Mark Rossi: Sculptor of the Southwest
by Ben McNitt on Aug. 04, 2009, under artsMARK ROSSI IS A SCULPTER OF THE SOUTHWEST with a national reputation earned from more than three decades of casting the region’s personalities and images from nature into bronze permanence.
His creations now inhabit the landscape from which they were originally drawn, be it the giant jackrabbits in Tempe, the javelins group at the Desert Museum or the more than 40 pieces commissioned for placement at the visitors center at Red Rock Canyon in Nevada.
He works from a studio of unassuming façade a little north of Grant near Speedway. But inside, as I found on a recent visit, it’s as if the artist’s mind has taken on physical form in an explosion of objects and works in progress crowding the walls, benches and floor.

Mark Rossi with work in progress
A giant Chuckwalla lizard head dominates one table, a proliferation of red clay works of birds, mammals and reptiles are seemingly scattered about, two rattlesnake figures fairly slither across one work table near a life sized portrait of a distinguished looking man. The eye is besieged. Chaos. And on closer examination, the beauty Rossi painstakingly imparts to the details that make up the whole of his art.

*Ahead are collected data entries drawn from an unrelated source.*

lemma reduced_mat_two_point:
  assumes r: "r < n" and v: "v < n"
    and row: "\<And>u. u < n \<Longrightarrow>
      moment_mat k n $$ (r, u) = (if u = a then 1 else 0) - (if u = b then 1 else 0)"
  shows "reduced_mat k n $$ (r, v) = progression (2*k + 2) a v - progression (2*k + 2) b v"
proof -
  have outside: "progression (2*k + 2) c v = 0" if "n \<le> c" for c
    using that v by (simp add: progression_def)
  have "reduced_mat k n $$ (r, v) =
      (\<Sum>u<n. if u = a then progression (2*k + 2) u v else 0)
      - (\<Sum>u<n. if u = b then progression (2*k + 2) u v else 0)"
    unfolding reduced_mat_entry[OF r v] sum_subtractf[symmetric] by (rule sum.cong) (auto simp: row)
  also have "\<dots> = progression (2*k + 2) a v - progression (2*k + 2) b v"
    using outside by (simp add: sum.delta' not_less)
  finally show ?thesis .
qed

lemma reduced_mat_low_row:
  assumes "k + 1 \<le> r" "r < n" "v < n"
  shows "reduced_mat k n $$ (r, v) = (if v + k + 1 = r then 1 else 0)"
proof -
  have "reduced_mat k n $$ (r, v) =
      progression (2*k + 2) (r - 1 - k) v - progression (2*k + 2) (r - 1 - k + (2*k + 2)) v"
    by (rule reduced_mat_two_point) (use assms in \<open>auto simp: moment_mat_def chebyshev_moment_def\<close>)
  also have "\<dots> = (if v = r - 1 - k then 1 else 0)"
    by (rule progression_diff) simp
  finally show ?thesis
    using assms by auto
qed

lemma reduced_mat_middle_row:
  assumes "1 \<le> r" "r \<le> k" "r < n" "v < n"
  shows "reduced_mat k n $$ (r, v) =
    progression (2*k + 2) (k + 1 - r) v - progression (2*k + 2) (r + k + 1) v"
  by (rule reduced_mat_two_point) (use assms in \<open>auto simp: moment_mat_def chebyshev_moment_def\<close>)

lemma sum_moment_row0_progression:
  assumes b: "b < 2*k + 2" and v: "b + (2*k + 2) * h < n"
  shows "(\<Sum>u<n. moment_row0 k n u * progression (2*k + 2) u (b + (2*k + 2) * h)) = (-1)^(k + b) *
    ((if n \<le> k + b + (2*k + 2) * h + 1 then 1 else 0) - 2 * int h - (if b = 0 then 1 else 2))"
proof -
  define P where "P = 2*k + 2"
  have step: "(\<Sum>u<n. moment_row0 k n u * progression P u w) =
      moment_row0 k n w + (if P \<le> w then \<Sum>u<n. moment_row0 k n u * progression P u (w - P) else 0)"
    if "w < n" for w
  proof -
    have "progression P u w = (if w = u then 1 else 0) + (if P \<le> w then progression P u (w - P) else 0)" for u
      by (rule progression_step) (simp add: P_def)
    then have "(\<Sum>u<n. moment_row0 k n u * progression P u w) =
        (\<Sum>u<n. (if u = w then moment_row0 k n u else 0)
          + (if P \<le> w then moment_row0 k n u * progression P u (w - P) else 0))"
      by (intro sum.cong) (simp_all add: algebra_simps)
    with that show ?thesis
      by (simp add: sum.distrib)
  qed
  have row0: "moment_row0 k n (b + P * h') = (-1)^(k + b) *
      ((if n \<le> k + b + P * h' + 1 then 1 else 0) - (if b + P * h' = 0 then 1 else 2))" for h'
    by (simp add: moment_row0_def chebyshev_coeff_0 P_def minus_one_power_iff)
  from v show ?thesis
    unfolding P_def[symmetric]
  proof (induction h)
    case 0
    with b step[of b] row0[of 0] show ?case
      by (simp add: P_def)
  next
    case (Suc h)
    have "b + P * Suc h - P = b + P * h" "P \<le> b + P * Suc h" "\<not> n \<le> k + b + P * h + 1"
      using Suc.prems by (simp_all add: P_def)
    with Suc step[of "b + P * Suc h"] row0[of "Suc h"] show ?case
      by (simp add: P_def algebra_simps)
  qed
qed

definition corner :: "nat \<Rightarrow> nat \<Rightarrow> int mat" where
  "corner k n = mat (k + 1) (k + 1) (\<lambda>(i, j). reduced_mat k n $$ (i, n - (k + 1) + j))"

lemma reduced_mat_carrier: "reduced_mat k n \<in> carrier_mat n n"
  unfolding reduced_mat_def by (rule mult_carrier_mat[of _ n n]) (simp_all add: moment_mat_def progression_mat_def)

lemma det_reduced_mat:
  assumes "k + 1 \<le> n"
  shows "det (reduced_mat k n) = (-1)^((k + 1) * (n - (k + 1))) * det (corner k n)"
  unfolding corner_def
  by (rule det_shifted_unit_rows) (use assms in \<open>auto simp: reduced_mat_carrier reduced_mat_low_row\<close>)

Chuckwalla lizard, work in progress

"Administrative Co-Op" Harris' Hawks body-stacking by Mark Rossi

Peregrine Falcon with Prey by Mark Rossi
Chaos, Rossi says, is the first impression offered by the natural world. But beauty, he has learned, “is mother nature’s grandmother.” His work distills the elegant from the confused, discovers the simple in the complex, finds beauty in chaos.
“Our family always lived near open land,” Rossi says, “on a creek in Colorado, in woods in Oklahoma, and at Catalina State Park when I first moved to Tucson. I’ve spent a lot of time in the desert.”
And he spent a lot of time at the side of his father, Southwestern artist and sculptor Paul Rossi, also former Director of the famed Thomas Gilcrease Institute of American History and Art in Tulsa. The influence runs to the third generation, as Mark’s sons Karl and Thomas are both artists in their own right. (Visit their website here.)

Reclining Jackrabbitt, six times life size by Mark Rossi

Portraits of writer Frank Waters by Mark Rossi
Part of the reason for the proliferation in Rossi’s studio is that he likes to work on large and small pieces at the same time. It’s his way of avoiding the artist’s pitfall of sketching and erasing the same drawing so frequently that the work is destroyed. “It keeps my hand energized and free enough” to work fluidly, he says.

Kit Fox by Mark Rossi
His work can now regularly be found at galleries from Vermont to California, Florida to Idaho. It is an attraction at our own Reid Park Zoo and at counterparts in Philadelphia and San Diego.
And even though he has done hundreds and even thousands of individual pieces, no formulaic restriction characterizes his work. “I think I’m sticking my neck out on everything I do,” he says.
Finally, for Rossi, there’s the satisfaction that the beauty he’s captured from nature is realized in bronze, giving his work as permanent a life as this life allows.